Кино стоял не дыша. Он слышал, как Хуана снова прошептала древнее заклинание, и он слышал злой вражеский напев. Он не смел двинуться, он ждал, когда скорпион двинется первым, а тот насторожился, стараясь разведать, откуда ему грозит смерть. Рука отца тянулась вперед — тянулась медленно, ровно. Хвост с жалом дернулся кверху. И в эту минуту смеющийся Койотито качнул веревку, и скорпион сорвался с нее.
Рука отца метнулась поймать, схватить, но скорпион пролетел мимо, упал ребенку на плечо и, едва коснувшись его, вонзил жало. И тут Кино поймал скорпиона, и, хрипло вскрикнув, раздавил, расплющил его пальцами. Он швырнул это месиво себе под ноги и ударил по нему кулаком, а Койотито зашелся криком от боли. Но Кино бил, топтал врага до тех пор, пока на земляном полу не остался только мокрый след. Зубы у Кино были оскалены, глаза бешено горели, а в ушах гремела Песнь врага.
Но ребенок был уже на руках у Хуаны. Она нашла место укуса, начинавшее краснеть. Она прижалась к ранке губами, сплюнула и снова стала сосать, а Койотито все кричал и кричал.
Кино стоял рядом; он не знал, что делать, он только мешал Хуане.
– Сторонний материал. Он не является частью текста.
lemma statistic_decomposition:
  assumes "Kt = Knh K n h" and "\<And>i. i < n \<Longrightarrow> (diffR n f V \<xi> i \<omega>)\<^sup>2 = m i + e i"
  shows "That K n h f V \<xi> \<omega> = bias_term + (\<Sum>i<n. lin_coef i * e i) + (\<Sum>i<n. \<Sum>j<n. quad_coef i j * (e i * e j))"
proof -
  define y where "y i = (diffR n f V \<xi> i \<omega>)\<^sup>2" for i
  have entry: "quad_coef i j * (y i * y j)
      = 1 / real n * (if 2 \<le> \<bar>int i - int j\<bar> then Knh K n h (int i - int j) * y i * y j else 0)
        - 1 / (real n)\<^sup>2 * (if 2 \<le> \<bar>int i - int j\<bar> then y i * y j else 0)" for i j
    unfolding quad_coef_def by (simp add: assms(1) algebra_simps)
  have "(\<Sum>i<n. \<Sum>j<n. quad_coef i j * (y i * y j))
      = 1 / real n * (\<Sum>i<n. \<Sum>j<n. if 2 \<le> \<bar>int i - int j\<bar> then Knh K n h (int i - int j) * y i * y j else 0)
        - 1 / (real n)\<^sup>2 * (\<Sum>i<n. \<Sum>j<n. if 2 \<le> \<bar>int i - int j\<bar> then y i * y j else 0)"
    unfolding entry by (simp only: sum_subtractf sum_distrib_left)
  then have "That K n h f V \<xi> \<omega> = (\<Sum>i<n. \<Sum>j<n. quad_coef i j * (y i * y j))"
    unfolding That_def y_def by simp
  also have "\<dots> = bias_term + (\<Sum>i<n. lin_coef i * (y i - m i)) + (\<Sum>i<n. \<Sum>j<n. quad_coef i j * ((y i - m i) * (y j - m j)))"
    by (rule quad_form_decomposition)
  finally show ?thesis unfolding y_def using assms(2) by simp
qed

lemma Ttarget_Wdev2_eq:
  assumes "\<And>i. i < n \<Longrightarrow> W i = Wv n V i" and "\<And>i. i < n \<Longrightarrow> d i = (deltav n f i)\<^sup>2"
  shows "Ttarget n f V = target" and "Wdev2 n V = Wdev"
proof -
  have Wb: "Wb = Wbar n V" unfolding Wb_def Wbar_def using assms(1) by simp
  have "mbar = Wbar n V + delta2bar n f"
    unfolding mbar_def Wbar_def delta2bar_def m_def using assms by (simp add: sum.distrib add_divide_distrib)
  then show "Ttarget n f V = target"
    unfolding Ttarget_def target_def m_def using assms by (simp add: diff_diff_eq)
  show "Wdev2 n V = Wdev" unfolding Wdev2_def Wdev_def Wb using assms(1) by simp
qed

end

lemma kernel_design_instance:
  assumes K: "is_kernel K" "\<And>x. \<bar>K x\<bar> \<le> B" and c: "c > 0" "\<bar>kden K n h\<bar> \<ge> c"
    and n: "n \<ge> 1" and h: "0 < h" "h < 1" and \<alpha>: "\<alpha> > 0" and \<beta>: "0 < \<beta>" "\<beta> < 1"
    and f: "f \<in> holder_class \<alpha> M" and V: "V \<in> holder_class \<beta> M" "\<forall>x\<in>{0..1}. 0 \<le> V x"
  shows "kernel_design n h M \<beta> (min \<alpha> 1) (B / c) (nat \<lfloor>real n * h\<rfloor>) (Knh K n h)
    (\<lambda>i. if i < n then Wv n V i else 0) (\<lambda>i. if i < n then (deltav n f i)\<^sup>2 else 0)"
proof
  have "h > 2 / real n" by (rule kden_bound_imp_bandwidth_gt[OF K(1) h(1) c])
  then show nh: "1 \<le> real n * h" using n by (simp add: field_simps)
  show "real (nat \<lfloor>real n * h\<rfloor>) \<le> real n * h" using nh by linarith
  show "\<bar>Knh K n h t\<bar> \<le> B / c / (real n * h)" for t
    using Knh_abs_le[OF K(1) h(1) n c K(2)] by (simp add: field_simps)
  show "0 \<le> B / c" using K(2)[of 0] c(1) by simp
  show "Knh K n h t = 0" if "int (nat \<lfloor>real n * h\<rfloor>) < \<bar>t\<bar>" for t
    using that nh by (intro Knh_eq_0_far[OF K(1) h(1) n]) linarith
  show "(\<Sum>j<n. Knh K n h (int i - int j)) = 1"
    if "nat \<lfloor>real n * h\<rfloor> \<le> i" "i + nat \<lfloor>real n * h\<rfloor> < n" for i
    by (rule Knh_row_sum[OF K(1) h(1) n c that])
  have "0 \<le> M" using holder_class_bounded[OF V(1), of 0] by auto
  then show "0 \<le> (if i < n then Wv n V i else 0)" "(if i < n then Wv n V i else 0) \<le> 2 * M" for i
    using nonneg_holder_grid_bounds[OF V, of i n] nonneg_holder_grid_bounds[OF V, of "Suc i" n]
    unfolding Wv_def by auto
  show "\<bar>(if i < n then Wv n V i else 0) - (if j < n then Wv n V j else 0)\<bar>
      \<le> 2 * M * (\<bar>real i - real j\<bar> / real n) powr \<beta>" if "i < n" "j < n" for i j
    using Wv_holder[OF V(1) \<beta> that] that by simp
  show "(if i < n then (deltav n f i)\<^sup>2 else 0) \<le> M\<^sup>2 * real n powr (- 2 * min \<alpha> 1)" for i
    using deltav_sq_le[OF f \<alpha>, of i n] by simp
qed (use n h \<alpha> \<beta> Knh_minus Knh_eq_0_near in auto)

section \<open>Moments of one-dependent sequences\<close>

lemma (in prob_space) integrable_mult_of_squares:
  fixes X Y :: "'a \<Rightarrow> real"
  assumes [measurable]: "X \<in> borel_measurable M" "Y \<in> borel_measurable M"
    and "integrable M (\<lambda>\<omega>. (X \<omega>)\<^sup>2)" "integrable M (\<lambda>\<omega>. (Y \<omega>)\<^sup>2)"
  shows "integrable M (\<lambda>\<omega>. X \<omega> * Y \<omega>)"
    and "\<bar>expectation (\<lambda>\<omega>. X \<omega> * Y \<omega>)\<bar> \<le> (expectation (\<lambda>\<omega>. (X \<omega>)\<^sup>2) + expectation (\<lambda>\<omega>. (Y \<omega>)\<^sup>2)) / 2"
proof -
  have bound: "\<bar>X \<omega> * Y \<omega>\<bar> \<le> ((X \<omega>)\<^sup>2 + (Y \<omega>)\<^sup>2) / 2" for \<omega>
  proof -
    have "0 \<le> (\<bar>X \<omega>\<bar> - \<bar>Y \<omega>\<bar>)\<^sup>2" by simp
    then show ?thesis by (simp add: power2_eq_square algebra_simps abs_mult)
  qed
  have int: "integrable M (\<lambda>\<omega>. ((X \<omega>)\<^sup>2 + (Y \<omega>)\<^sup>2) / 2)" using assms(3,4) by auto
  show I: "integrable M (\<lambda>\<omega>. X \<omega> * Y \<omega>)"
    by (rule Bochner_Integration.integrable_bound[OF int]) (use bound in \<open>auto intro!: AE_I2\<close>)
  have "\<bar>expectation (\<lambda>\<omega>. X \<omega> * Y \<omega>)\<bar> \<le> expectation (\<lambda>\<omega>. ((X \<omega>)\<^sup>2 + (Y \<omega>)\<^sup>2) / 2)"
    by (rule order_trans[OF integral_abs_bound integral_mono]) (use I int bound in auto)
  also have "\<dots> = (expectation (\<lambda>\<omega>. (X \<omega>)\<^sup>2) + expectation (\<lambda>\<omega>. (Y \<omega>)\<^sup>2)) / 2"
    using assms(3,4) by simp
  finally show "\<bar>expectation (\<lambda>\<omega>. X \<omega> * Y \<omega>)\<bar> \<le> (expectation (\<lambda>\<omega>. (X \<omega>)\<^sup>2) + expectation (\<lambda>\<omega>. (Y \<omega>)\<^sup>2)) / 2" .
qed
На крик ребенка сбежались соседи. Они высыпали из своих хижин. Брат Кино Хуан Томас и его толстая жена Аполония и четверо их детей столпились в дверях, загородив вход, из-за них выглядывали другие, а один маленький мальчик пробрался между ногами взрослых, чтобы как следует все увидеть. И те, кто стоял впереди, передавали тем, кто стоял сзади: «Скорпион. Ребенка укусил скорпион».
Хуана оторвала губы от места укуса. Ранка чуть увеличилась и, обескровленная после высасывания, побелела по краям, но красный отек распространился дальше, вздувшись твердым лимфатическим бугорком. Эти люди знали, что такое скорпион. Взрослые тяжело болеют от его укуса, а ребенку недолго и умереть. Они знали, что сначала будет отек, и жар, и спазмы в горле, потом начнутся желудочные колики, а потом, если яд успел глубоко проникнуть в ранку, Койотито умрет. Но жгучая боль от укуса постепенно стихала. Крики Койотито переходили в стоны.
Кино часто дивился железной воле своей терпеливой хрупкой жены. Она, такая покорная, почтительная, веселая, почти без единого крика выгибала спину дугой, рожая ребенка. Усталость и голод она сносила чуть ли не легче его самого. На веслах могла поспорить со взрослым мужчиной. И вот сейчас она решилась на такое, чего он никогда не ждал от нее.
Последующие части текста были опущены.